At the risk of marginalizing myself even further in my corner of a sphere, may I?: 911 is a tough category. There are a lot of terrible 9-11 poems, as we all know. There is a reason for this. Martin’s isn’t terrible. But so much of his poem is a clever if not ostentatious framing of the disaster within a relatively obscure turn in the Revolutionary War—harrowing though it was. He spends too much time illuminating the frame rather than the picture. Martin, as far as I’m concerned, makes (rather blatantly) the mistake of bringing his knowledge to an event that can only overwhelm and take us outside what we know. How many people read this poem and said, “Oh, I didn’t know about Wallabout Bay. Interesting. Let me Google that”? He imposes history on something bigger than history. Thus he also imposes intellectual control, in this case by offering narrative historical context, which I don’t generally admire in any art. The best part of the poem is, of course, the end where he lets go. The middle is largely a well-written description of events. Some of it is moving. Here he gets on the right track: Like something we’d imagined but not known Then he insists on aligning it with the past--a specificity in the past. With something we know. Well, perhaps that is a human tendency. But even a Pearl Harbor comparison would become utterly beside the point. Some observations: The poem begins with a reference to himself as he tells us where he was when it happened—often the hallmark of a bad 9-11 poem. Oddly, it goes on to read as if it could have been written by someone who was in Kansas that day. And maybe the best 911 poem has been written by someone who was in Kansas that day. He uses the word "paradigm" without irony—often the hallmark of a bad poem. This poem succeeds, for me, to the extent that he brings experience, rather than knowledge, to the pile. But the personal experience is obscured in this. I would prefer the purely personal to being told how we all feel. It's a fine poem, but I really am amazed at how people cherish this as a great 9-11 poem. |
Here's Paul's poem, which was a winner of our sonnet bakeoff, even though it's not fourteen lines:
Charlemagne's Vision Remembering his father's last campaign To purge the south of Saracen and Moor And how Grandfather stopped the tide from Spain, Driving the Muslims from the fields of Tours, King Charlemagne surveyed the scattered dead At Roncesvalles, where Roland's ivory horn Lay shattered on the ground beneath his head, Then left his slaughtered Paladins, to mourn, And saw, in troubled sleep, a second Rome Encoiled by hydra heads--a living net Encircling London, Paris, Amsterdam, Each serpent-head poised like a minaret Above the drowsy heart of Christendom-- Loud cries, bright shafts, red flames, a streaking jet, Then bodies bowed down in a vast salaam.

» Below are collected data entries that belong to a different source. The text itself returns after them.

section \<open>Integrality\<close>

lemma act_at_lincomb:
  "act_at r (lincomb r a W) z b = (\<Sum>i<r. reval_fls (a i) z * act_at r (W i) z b)"
proof -
  have "act_at r (lincomb r a W) z b
      = (\<Sum>j<r. \<Sum>i<r. reval_fls (a i) z * reval_fls (W i j) z * b (int j))"
    by (simp add: act_at_def lincomb_def reval_fls_sum reval_fls_mult sum_distrib_right)
  also have "\<dots> = (\<Sum>i<r. \<Sum>j<r. reval_fls (a i) z * (reval_fls (W i j) z * b (int j)))"
    by (subst sum.swap) (simp add: mult.assoc)
  finally show ?thesis by (simp add: act_at_def sum_distrib_left)
qed

lemma integral_at_lincomb:
  assumes "\<And>i. i < r \<Longrightarrow> integral_at ell r z (W i)" "\<And>i. i < r \<Longrightarrow> a i \<in> loc_ring z"
  shows "integral_at ell r z (lincomb r a W)"
  unfolding integral_at_def
proof
  fix b assume b: "b \<in> Sol ell r z"
  show "liminf (\<lambda>n. nu_q (b (- int n))) \<le> nu_q (act_at r (lincomb r a W) z b)"
    unfolding act_at_lincomb
  proof (rule nu_q_sum_ge)
    fix i assume "i \<in> {..<r}"
    then have "liminf (\<lambda>n. nu_q (b (- int n))) \<le> nu_q (act_at r (W i) z b)"
      using assms(1)[of i] b by (auto simp: integral_at_def)
    also have "\<dots> \<le> nu_q (reval_fls (a i) z * act_at r (W i) z b)"
      using assms(2) \<open>i \<in> {..<r}\<close> by (intro nu_q_mult_reval_fls_ge) auto
    finally show "liminf (\<lambda>n. nu_q (b (- int n))) \<le> nu_q (reval_fls (a i) z * act_at r (W i) z b)" .
  qed
qed

lemma Sol_shift: "b \<in> Sol ell r (z + 1) \<Longrightarrow> (\<lambda>k. b (k - 1)) \<in> Sol ell r z"
proof (unfold Sol_def, intro CollectI allI)
  fix n :: int
  assume "b \<in> {b. \<forall>n. (\<Sum>i\<le>r. peval_fls (ell i) (z + 1 + of_int n) * b (n + int i)) = 0}"
  then have "(\<Sum>i\<le>r. peval_fls (ell i) (z + 1 + of_int (n - 1)) * b (n - 1 + int i)) = 0" by blast
  then show "(\<Sum>i\<le>r. peval_fls (ell i) (z + of_int n) * b (n + int i - 1)) = 0"
    by (simp add: algebra_simps)
qed

text \<open>Because L.b = 0, the reduction modulo L built into shiftA is invisible to b.\<close>
lemma act_at_shiftA:
  fixes ell :: "nat \<Rightarrow> 'a::field_gcd poly"
  assumes r: "0 < r" and ell_r: "ell r \<noteq> 0" and b: "b \<in> Sol ell r z"
  shows "act_at r (shiftA ell r f) z b = act_at r f (z + 1) (\<lambda>k. b (k + 1))"
proof -
  obtain m where m: "r = Suc m" using r by (cases r) auto
  define R where "R i = reval_fls (f i) (z + 1)" for i
  define P where "P i = peval_fls (ell i) z" for i
  have "P r \<noteq> 0" using ell_r by (simp add: P_def)
  have "(\<Sum>i\<le>r. peval_fls (ell i) (z + of_int 0) * b (0 + int i)) = 0"
    using b unfolding Sol_def by blast
  then have "(\<Sum>i\<le>r. P i * b (int i)) = 0" by (simp add: P_def)
  then have recurrence: "(\<Sum>j<r. P j * b (int j)) = - (P r * b (int r))"
    unfolding m atMost_Suc lessThan_Suc_atMost by (simp add: eq_neg_iff_add_eq_0 add.commute)
  have "act_at r (shiftA ell r f) z b
      = (\<Sum>j<r. ((if j = 0 then 0 else R (j - 1)) - R m * (P j / P r)) * b (int j))"
    unfolding act_at_def using ell_r m
    by (intro sum.cong) (simp_all add: shiftA_def reval_fls_diff reval_fls_mult reval_fls_rshift
        reval_fls_Fract R_def P_def)
  also have "\<dots> = (\<Sum>j<r. (if j = 0 then 0 else R (j - 1)) * b (int j))
      - (R m / P r) * (\<Sum>j<r. P j * b (int j))"
    by (simp add: algebra_simps sum_subtractf sum_distrib_left)
  also have "\<dots> = (\<Sum>j<r. (if j = 0 then 0 else R (j - 1)) * b (int j)) + R m * b (int r)"
    using \<open>P r \<noteq> 0\<close> by (simp only: recurrence) (simp add: field_simps)
  also have "(\<Sum>j<r. (if j = 0 then 0 else R (j - 1)) * b (int j)) = (\<Sum>i<m. R i * b (1 + int i))"
    unfolding m by (subst sum.lessThan_Suc_shift) simp
  also have "(\<Sum>i<m. R i * b (1 + int i)) + R m * b (int r) = (\<Sum>i<r. R i * b (1 + int i))"
    by (simp add: m)
  also have "\<dots> = act_at r f (z + 1) (\<lambda>k. b (k + 1))"
    by (simp add: act_at_def R_def add.commute)
  finally show ?thesis .
qed

lemma integral_at_shiftA:
  fixes ell :: "nat \<Rightarrow> 'a::field_gcd poly"
  assumes "0 < r" "ell r \<noteq> 0" "integral_at ell r z (shiftA ell r f)"
  shows "integral_at ell r (z + 1) f"
  unfolding integral_at_def
proof
  fix b assume "b \<in> Sol ell r (z + 1)"
  define b' where "b' k = b (k - 1)" for k
  have "b' \<in> Sol ell r z" unfolding b'_def using \<open>b \<in> Sol ell r (z + 1)\<close> by (rule Sol_shift)
  have "liminf (\<lambda>n. nu_q (b (- int n))) \<le> liminf (\<lambda>n. nu_q (b (- int (Suc n))))"
    using liminf_subseq_mono[of Suc "\<lambda>n. nu_q (b (- int n))"] by (simp add: strict_mono_Suc_iff o_def)
  also have "\<dots> = liminf (\<lambda>n. nu_q (b' (- int n)))"
    by (simp only: b'_def of_nat_Suc minus_add_distrib diff_conv_add_uminus add.commute)
  also have "\<dots> \<le> nu_q (act_at r (shiftA ell r f) z b')"
    using assms(3) \<open>b' \<in> Sol ell r z\<close> by (auto simp: integral_at_def)
  also have "\<dots> = nu_q (act_at r f (z + 1) b)"
    using act_at_shiftA[OF assms(1,2) \<open>b' \<in> Sol ell r z\<close>] by (simp add: b'_def)
  finally show "liminf (\<lambda>n. nu_q (b (- int n))) \<le> nu_q (act_at r f (z + 1) b)" .
qed

lemma liminf_le_if_frequently_le:
  fixes Y :: "nat \<Rightarrow> 'b::complete_linorder"
  assumes "\<And>N. \<exists>n\<ge>N. Y n \<le> m"
  shows "liminf Y \<le> m"
  unfolding liminf_SUP_INF
proof (rule SUP_least)
  fix N
  obtain n where "n \<ge> N" "Y n \<le> m" using assms by blast
  then show "(INF n\<in>{N..}. Y n) \<le> m" by (intro INF_lower2[of n]) auto
qed

text \<open>Solving the recurrence L.b = 0 for its leading term, a window of r consecutive
  values containing a value of valuation at most m moves one step to the left.\<close>
lemma Sol_window_step_left:
  fixes ell :: "nat \<Rightarrow> 'a::field poly"
  assumes b: "b \<in> Sol ell r z" and r: "0 < r" and ell_r: "poly_ac (ell r) (z + of_int (k - 1)) \<noteq> 0"
    and window: "\<exists>i<r. nu_q (b (k + int i)) \<le> m"
  shows "\<exists>i<r. nu_q (b (k - 1 + int i)) \<le> m"
proof (rule ccontr)
  assume "\<not> ?thesis"
  then have gt: "m < nu_q (b (k - 1 + int i))" if "i < r" for i using that by (auto simp: not_le)
  then have "m < \<infinity>" using r by (cases m) auto
  define P where "P i = peval_fls (ell i) (z + of_int (k - 1))" for i
  have "(\<Sum>i\<le>r. P i * b (k - 1 + int i)) = 0" using b unfolding Sol_def P_def by blast
  moreover have "{..r} = insert r {..<r}" by auto
  ultimately have leading: "P r * b (k - 1 + int r) = - (\<Sum>i<r. P i * b (k - 1 + int i))"
    by (simp add: eq_neg_iff_add_eq_0)
  have "m < nu_q (\<Sum>i<r. P i * b (k - 1 + int i))"
  proof (rule nu_q_sum_gt[OF \<open>m < \<infinity>\<close>])
    fix i assume "i \<in> {..<r}"
    then show "m < nu_q (P i * b (k - 1 + int i))"
      using gt[of i] nu_q_mult_peval_fls_ge[of "b (k - 1 + int i)" "ell i"] unfolding P_def
      by (meson less_le_trans lessThan_iff)
  qed
  also have "\<dots> = nu_q (P r * b (k - 1 + int r))"
    unfolding leading by simp
  also have "\<dots> = nu_q (b (k - 1 + int r))"
    using ell_r by (simp add: nu_q_mult P_def nu_q_peval_fls_eq_0)
  finally have "m < nu_q (b (k - 1 + int r))" .
  have "m < nu_q (b (k + int i))" if "i < r" for i
  proof (cases "Suc i < r")
    case True
    then show ?thesis using gt[of "Suc i"] by (simp add: algebra_simps)
  next
    case False
    then have "k + int i = k - 1 + int r" using that by simp
    then show ?thesis using \<open>m < nu_q (b (k - 1 + int r))\<close> by (simp only:)
  qed
  then show False using window by (meson not_less)
qed

lemma integral_at_of_loc_ring:
  fixes ell :: "nat \<Rightarrow> 'a::field_gcd poly"
  assumes r: "0 < r" and ell_r: "\<And>k::int. k < 0 \<Longrightarrow> poly_ac (ell r) (z + of_int k) \<noteq> 0"
    and f: "\<And>i. i < r \<Longrightarrow> f i \<in> loc_ring z"
  shows "integral_at ell r z f"
  unfolding integral_at_def
proof
  fix b assume b: "b \<in> Sol ell r z"
  define m where "m = Min ((\<lambda>i. nu_q (b (int i))) ` {..<r})"
  have m_le: "m \<le> nu_q (b (int i))" if "i < r" for i
    using that by (auto simp: m_def)
  have "m \<in> (\<lambda>i. nu_q (b (int i))) ` {..<r}" using r unfolding m_def by (intro Min_in) auto
  then have "\<exists>i<r. nu_q (b (- int 0 + int i)) \<le> m" by auto
  then have window: "\<exists>i<r. nu_q (b (- int n + int i)) \<le> m" for n
  proof (induction n)
    case (Suc n)
    then show ?case
      using Sol_window_step_left[OF b r ell_r, of "- int n"] by (simp add: algebra_simps)
  qed
  have "liminf (\<lambda>n. nu_q (b (- int n))) \<le> m"
  proof (rule liminf_le_if_frequently_le)
    fix N
    obtain i where "i < r" "nu_q (b (- int (N + r) + int i)) \<le> m" using window by blast
    moreover have "- int (N + r) + int i = - int (N + r - i)" using \<open>i < r\<close> by simp
    moreover have "N \<le> N + r - i" using \<open>i < r\<close> by simp
    ultimately show "\<exists>n\<ge>N. nu_q (b (- int n)) \<le> m" by metis
  qed
  also have "m \<le> nu_q (act_at r f z b)"
    unfolding act_at_def using m_le f by (intro nu_q_sum_ge order.trans[OF _ nu_q_mult_reval_fls_ge]) auto
  finally show "liminf (\<lambda>n. nu_q (b (- int n))) \<le> nu_q (act_at r f z b)" .
qed

definition regular_at :: "nat \<Rightarrow> 'a::field_gcd alg_closure \<Rightarrow> (nat \<Rightarrow> 'a poly fract) \<Rightarrow> bool" where
  "regular_at r z f \<longleftrightarrow> (\<forall>i<r. f i \<in> loc_ring z)"

definition in_local_module ::
    "nat \<Rightarrow> (nat \<Rightarrow> nat \<Rightarrow> 'a::field_gcd poly fract) \<Rightarrow> 'a alg_closure \<Rightarrow> (nat \<Rightarrow> 'a poly fract) \<Rightarrow> bool" where
  "in_local_module r W z f \<longleftrightarrow> (\<exists>a. (\<forall>i<r. a i \<in> loc_ring z) \<and> f = lincomb r a W)"

lemma lincomb_add: "lincomb r (\<lambda>i. a i + a' i) W = (\<lambda>j. lincomb r a W j + lincomb r a' W j)"
  by (simp add: lincomb_def fun_eq_iff algebra_simps sum.distrib)

lemma lincomb_diff: "lincomb r (\<lambda>i. a i - a' i) W = (\<lambda>j. lincomb r a W j - lincomb r a' W j)"
  by (simp add: lincomb_def fun_eq_iff algebra_simps sum_subtractf)

lemma lincomb_eq_imp_coeff_eq:
  assumes "is_basis_A r W" "lincomb r a W = lincomb r a' W" "i < r"
  shows "a i = a' i"
proof -
  have "lincomb r (\<lambda>i. a i - a' i) W = (\<lambda>_. 0)" using assms(2) by (simp add: lincomb_diff)
  then show ?thesis using assms(1,3) by (auto simp: is_basis_A_def)
qed

lemma in_local_module_add:
  "in_local_module r W z f \<Longrightarrow> in_local_module r W z g \<Longrightarrow> in_local_module r W z (\<lambda>j. f j + g j)"
proof -
  assume "in_local_module r W z f" "in_local_module r W z g"
  then obtain a a' where "\<forall>i<r. a i \<in> loc_ring z" "f = lincomb r a W"
    "\<forall>i<r. a' i \<in> loc_ring z" "g = lincomb r a' W"
    by (auto simp: in_local_module_def)
  then show ?thesis unfolding in_local_module_def
    by (intro exI[of _ "\<lambda>i. a i + a' i"]) (simp add: lincomb_add loc_ring_add)
qed

lemma in_local_module_diff:
  "in_local_module r W z f \<Longrightarrow> in_local_module r W z g \<Longrightarrow> in_local_module r W z (\<lambda>j. f j - g j)"
proof -
  assume "in_local_module r W z f" "in_local_module r W z g"
  then obtain a a' where "\<forall>i<r. a i \<in> loc_ring z" "f = lincomb r a W"
    "\<forall>i<r. a' i \<in> loc_ring z" "g = lincomb r a' W"
    by (auto simp: in_local_module_def)
  then show ?thesis unfolding in_local_module_def
    by (intro exI[of _ "\<lambda>i. a i - a' i"]) (simp add: lincomb_diff loc_ring_diff)
qed

lemma in_local_module_lincomb_iff:
  assumes "is_basis_A r W"
  shows "in_local_module r W z (lincomb r a W) \<longleftrightarrow> (\<forall>i<r. a i \<in> loc_ring z)"
proof
  assume "in_local_module r W z (lincomb r a W)"
  then obtain a' where "\<forall>i<r. a' i \<in> loc_ring z" "lincomb r a W = lincomb r a' W"
    by (auto simp: in_local_module_def)
  then show "\<forall>i<r. a i \<in> loc_ring z" using lincomb_eq_imp_coeff_eq[OF assms] by metis
qed (auto simp: in_local_module_def)

lemma shiftA_in_Avec: "shiftA ell r f \<in> Avec r"
  by (simp add: Avec_def shiftA_def)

I love Paul's poem and Charles' poem for precisely the reason Rick dislikes the latter, their historical sweep. They are ambitious. Of course I love Paul's poem for calling it as I see it. We are both inimical to Islamofascism. |
Wow, Lake's poem is the sort of thing Le Pen would read to his children. It's really, really awful! But then again, I'm inimical to Islamophobia. (Which implies no fondness for "Islamofascism," whatever that might be.)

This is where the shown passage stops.